Another part of the text sharing content consists of platforms offering
documentaries and lectures (so multi-media content) online. One example of the
last is the [Discourse Notebook Archive](http://www.discoursenotebook.com/),
which describes itself as an effort which has as its main goal ‘to make
available lectures in contemporary continental philosophy’ and is maintained
by Todd Kesselman, a PhD Student at The New School for Social Research. Here
you can find lectures from Badiou, Kristeva and Zizek (both audio and video)
and lectures aggregated from the European Graduate School. Kesselman also
links to resources on the web dealing with contemporary continental
philosophy.
![Eule - Society of
Control](https://openreflections.files.wordpress.com/2009/09/eule-society-of-
control.gif?w=547)Society of Control is a website maintained by [Stephan
Dillemuth](http://www.kopenhagen.dk/fileadmin/oldsite/interviews/solmennesker.htm),
an artist living and working in Munich, Germany, offering amongst others an
overview of his work and scientific research. According to
[this](http://www2.khib.no/~hovedfag/akademiet_05/tekster/interview.html)

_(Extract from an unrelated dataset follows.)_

(* Let $W(x_1,\dots,x_n)$ be an invertible, non-degenerate, quasi-homogeneous polynomial with $2\sum_jw_j=d$, let $J_W^2\in G\subseteq\operatorname{SL}_W$, $V=x_0^2+W$, $J_V=\sigma J_W$, and $\mathcal H=\mathcal H_{G[\sigma,J_W]}(V)^{G[J_V]}$. For $L\in\{G,\sigma G,J_WG,J_VG\}$ set $[\mathcal H]_L=\bigoplus_{g\in L}\operatorname{Jac}(V_g)^{G[J_V]}$. Then $\mathcal H=[\mathcal H]_G\oplus[\mathcal H]_{\sigma G}\oplus[\mathcal H]_{J_WG}\oplus[\mathcal H]_{J_VG}$, where $[\mathcal H]_G\oplus[\mathcal H]_{J_VG}$ is $\mathbb Z\times\mathbb Z$-graded and $[\mathcal H]_{\sigma G}\oplus[\mathcal H]_{J_WG}$ is $(\tfrac12+\mathbb Z)\times(\tfrac12+\mathbb Z)$-graded.
   Context: $W=\sum_i\prod_jx_j^{m_{i,j}}$ with invertible exponent matrix, weights $w_j$, degree $d$, non-degenerate. $\operatorname{Aut}_W$: diagonal symmetries; $\operatorname{SL}_W=\operatorname{Aut}_W\cap\operatorname{SL}(n;\mathbb C)$; $J_W=(e^{2\pi iw_j/d})_j$, regarded as a symmetry of $V$ fixing $x_0$ (as is $G$); $\sigma=(-1,1,\dots,1)$ on $(x_0,\dots,x_n)$; $V$ has weights $(d/2,w_1,\dots,w_n)$ and degree $d$, and $J_V=\sigma J_W$ is its grading element. $L[h]$ is the group generated by $L$ and $h$. For $g$ a diagonal symmetry of $V$, $F_g$ is the set of indices of $g$-fixed coordinates, $V_g$ the restriction, $\operatorname{Jac}(V_g)=\mathbb C[x_j:j\in F_g]/(\partial_jV_g)\cdot\bigwedge_{j\in F_g}dx_j$; $\mathcal H_S(V)^K=\bigoplus_{g\in S}\operatorname{Jac}(V_g)^K$, where $h=\frac1D(p_0,\dots,p_n)$ acts on $\prod x_j^{a_j}\bigwedge dx_j$ by $e^{2\pi i\sum_{j\in F_g}(a_j+1)p_j/D}$. Bi-degree of that form: $(\#F_g-\deg+\operatorname{a}(g),\deg+\operatorname{a}(g))$, $\deg=\sum_{j\in F_g}(a_j+1)w_j/d$ (with $w_0=d/2$), $\operatorname{a}(g)=\sum_jp_j/D$, $0\le p_j<D$. *)

theory Defs
  imports "HOL-Analysis.Analysis"
begin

interview conducted by Kristian Ø Dahl and Marit Flåtter his work is a
response to the increased influence of the neo-liberal world order on
education, creating a culture industry that is more than often driven by
commercial interests. He asks the question ‘How can dissidence grow in the
blind spots of the ‘society of control’ and articulate itself?’ His website,
the [Society of Control](http://www.societyofcontrol.com/disclaimer1.htm) is,
as he states, ‘an independent organization whose profits are entirely devoted
to research into truth and meaning.’
Society of Control has a [library
section](http://www.societyofcontrol.com/library/) which contains works from
some of the biggest thinkers of the twentieth century: Baudrillard, Adorno,
Debord, Bourdieu, Deleuze, Habermas, Sloterdijk und so weiter, and so much
more, a lot in German, and all ‘typed out’ texts. The library section offers a
direct search function, a category function and a a-z browse function.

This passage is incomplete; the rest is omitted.